US record? Before Afghanistan, before Nicaragua, Indonesia, and Vietnam; before all these and much more - it was the Philippines. And what a start it was.

"We will not renounce our part in the mission of our race, trustees under God, of the civilization of the world," said US Senator Albert Beveridge, an articulate luminary of America's imperial ambitions who called for the annexation of the Philippines over a hundred years ago. "God has not been preparing the English-speaking and Teutonic peoples for a thousand years for nothing but vain and idle self-admiration. No! He has made us the master organizers of the world to establish system where chaos reigns."

Our collective deliverance we will find in our common past.

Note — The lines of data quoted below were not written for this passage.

(* Let $m\ge 2$ and $n_0\ge 1$. There exist $m+1$ $(Q_{n_0},Q_m)$-saturated graphs $A_1,\dots,A_{m+1}$ such that every $(m-1)$-dimensional subcube of $Q_{n_0}$ is contained in at least one $A_i$. (For instance, $A_i$ may be taken to be any $(Q_{n_0},Q_m)$-saturated graph containing all edges whose lower-weight endpoint has weight congruent modulo $m+1$ to one of $i,i+1,\dots,i+m-2$.)
   Context: $Q_n$ is the hypercube on $\{0,1\}^n$ with edges between vertices differing in exactly one coordinate. The weight of a vertex is its number of coordinates equal to $1$. A subcube of dimension $d$ is a set $\{x: x_j=a_j \ \forall j\in J\}$ with $|J|=n-d$, with its induced edges; a graph contains it if it contains all those edges. A graph $G$ is $(Q_n,Q_m)$-saturated if $G\subseteq Q_n$, $G$ contains no subgraph isomorphic to $Q_m$, and adding any edge of $E(Q_n)\setminus E(G)$ creates such a subgraph. *)

theory Defs
  imports Main
begin

text \<open>Vertices of Q_n are encoded as subsets of {0..<n} (the set of coordinates equal to 1);
  an edge is the two-element set of its endpoints.\<close>

definition hcube_verts :: "nat \<Rightarrow> nat set set" where
  "hcube_verts n = {x. x \<subseteq> {..<n}}"

definition hcube_edges :: "nat \<Rightarrow> nat set set set" where
  "hcube_edges n = {{x, insert i x} | x i. x \<subseteq> {..<n} \<and> i < n \<and> i \<notin> x}"

definition contains_Qm :: "nat \<Rightarrow> nat \<Rightarrow> nat set set set \<Rightarrow> bool" where
  "contains_Qm n m G \<longleftrightarrow> (\<exists>f :: nat set \<Rightarrow> nat set.
      inj_on f (hcube_verts m) \<and> f ` hcube_verts m \<subseteq> hcube_verts n \<and>
      (\<forall>e \<in> hcube_edges m. f ` e \<in> G))"

definition saturated :: "nat \<Rightarrow> nat \<Rightarrow> nat set set set \<Rightarrow> bool" where
  "saturated n m G \<longleftrightarrow> G \<subseteq> hcube_edges n \<and> \<not> contains_Qm n m G \<and>
     (\<forall>e \<in> hcube_edges n - G. contains_Qm n m (insert e G))"

text \<open>Edge set of the subcube of Q_n with free coordinates D and fixed part a
  (coordinates outside D equal 1 exactly on a).\<close>
definition subcube_edges :: "nat \<Rightarrow> nat set \<Rightarrow> nat set \<Rightarrow> nat set set set" where
  "subcube_edges n D a = {{x, insert i x} | x i. x \<subseteq> {..<n} \<and> x - D = a \<and> i \<in> D \<and> i \<notin> x}"

definition is_subcube :: "nat \<Rightarrow> nat \<Rightarrow> nat set \<Rightarrow> nat set \<Rightarrow> bool" where
  "is_subcube n d D a \<longleftrightarrow> D \<subseteq> {..<n} \<and> card D = d \<and> a \<subseteq> {..<n} - D"

end

theory Submission
  imports Defs
begin

(* Fix a shift r and let L_r be the subgraph of Q_n consisting of the edges
   whose lower endpoint x satisfies (|x| + r) mod (m+1) < m - 1, i.e. whose lower weight
   lies in a window of m - 1 out of every m + 1 consecutive levels.

   (1) L_r contains no Q_m.  Given an injective edge-preserving map f : Q_m -> Q_n, let x0
       minimise the weight of f.  A 4-cycle argument in Q_n shows that f is graded:
       |f z| = |f x0| + dist(z, x0).  Walking from x0 along the m coordinates of Q_m thus
       uses edges whose lower weights are m consecutive integers, and m consecutive
       residues mod m+1 cannot all avoid the two residues m-1 and m.
   (2) Every (m-1)-dimensional subcube spans only m - 1 consecutive levels; choosing r
       according to the weight of its bottom vertex puts all of its edges into L_r.
   (3) Every Q_m-free subgraph of Q_n extends to a saturated one (add edges while possible).
   Hence the saturated extensions of L_1, ..., L_{m+1} are the required graphs. *)

lemma finite_hcube_edges: "finite (hcube_edges n)"
proof (rule finite_subset)
  show "hcube_edges n \<subseteq> Pow (Pow {..<n})"
    unfolding hcube_edges_def by blast
qed simp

And the task to begin this search must begin today. "To look always for an answer," said Stuart T. Hess, "a solution to the ever-puzzling riddles that confront us: that is our responsibility, our curse and our blessing."

NOTES:
1. AP photo, TODAY, April 25, 2004.
2. "Bush criticizes release of photos of soldier coffins," Thom Shanker and Bill Carter, TODAY, April 25, 2004.
3. "Return of U.S. war dead kept solemn, secret," Gregg Zoroya, USA TODAY, December 31, 2003.
4. Leon Wolff, Little Brown Brother: How the United States purchased and pacified the Philippines, Doubleday & Company, Inc., New York, 1961.
5. "Powell: We'll make Iraq a good neighbour," Bangkok Post, February 22, 2003.
6. Joseph L. Schott, The ordeal of Samar, Bobbs-Merrill, 1964.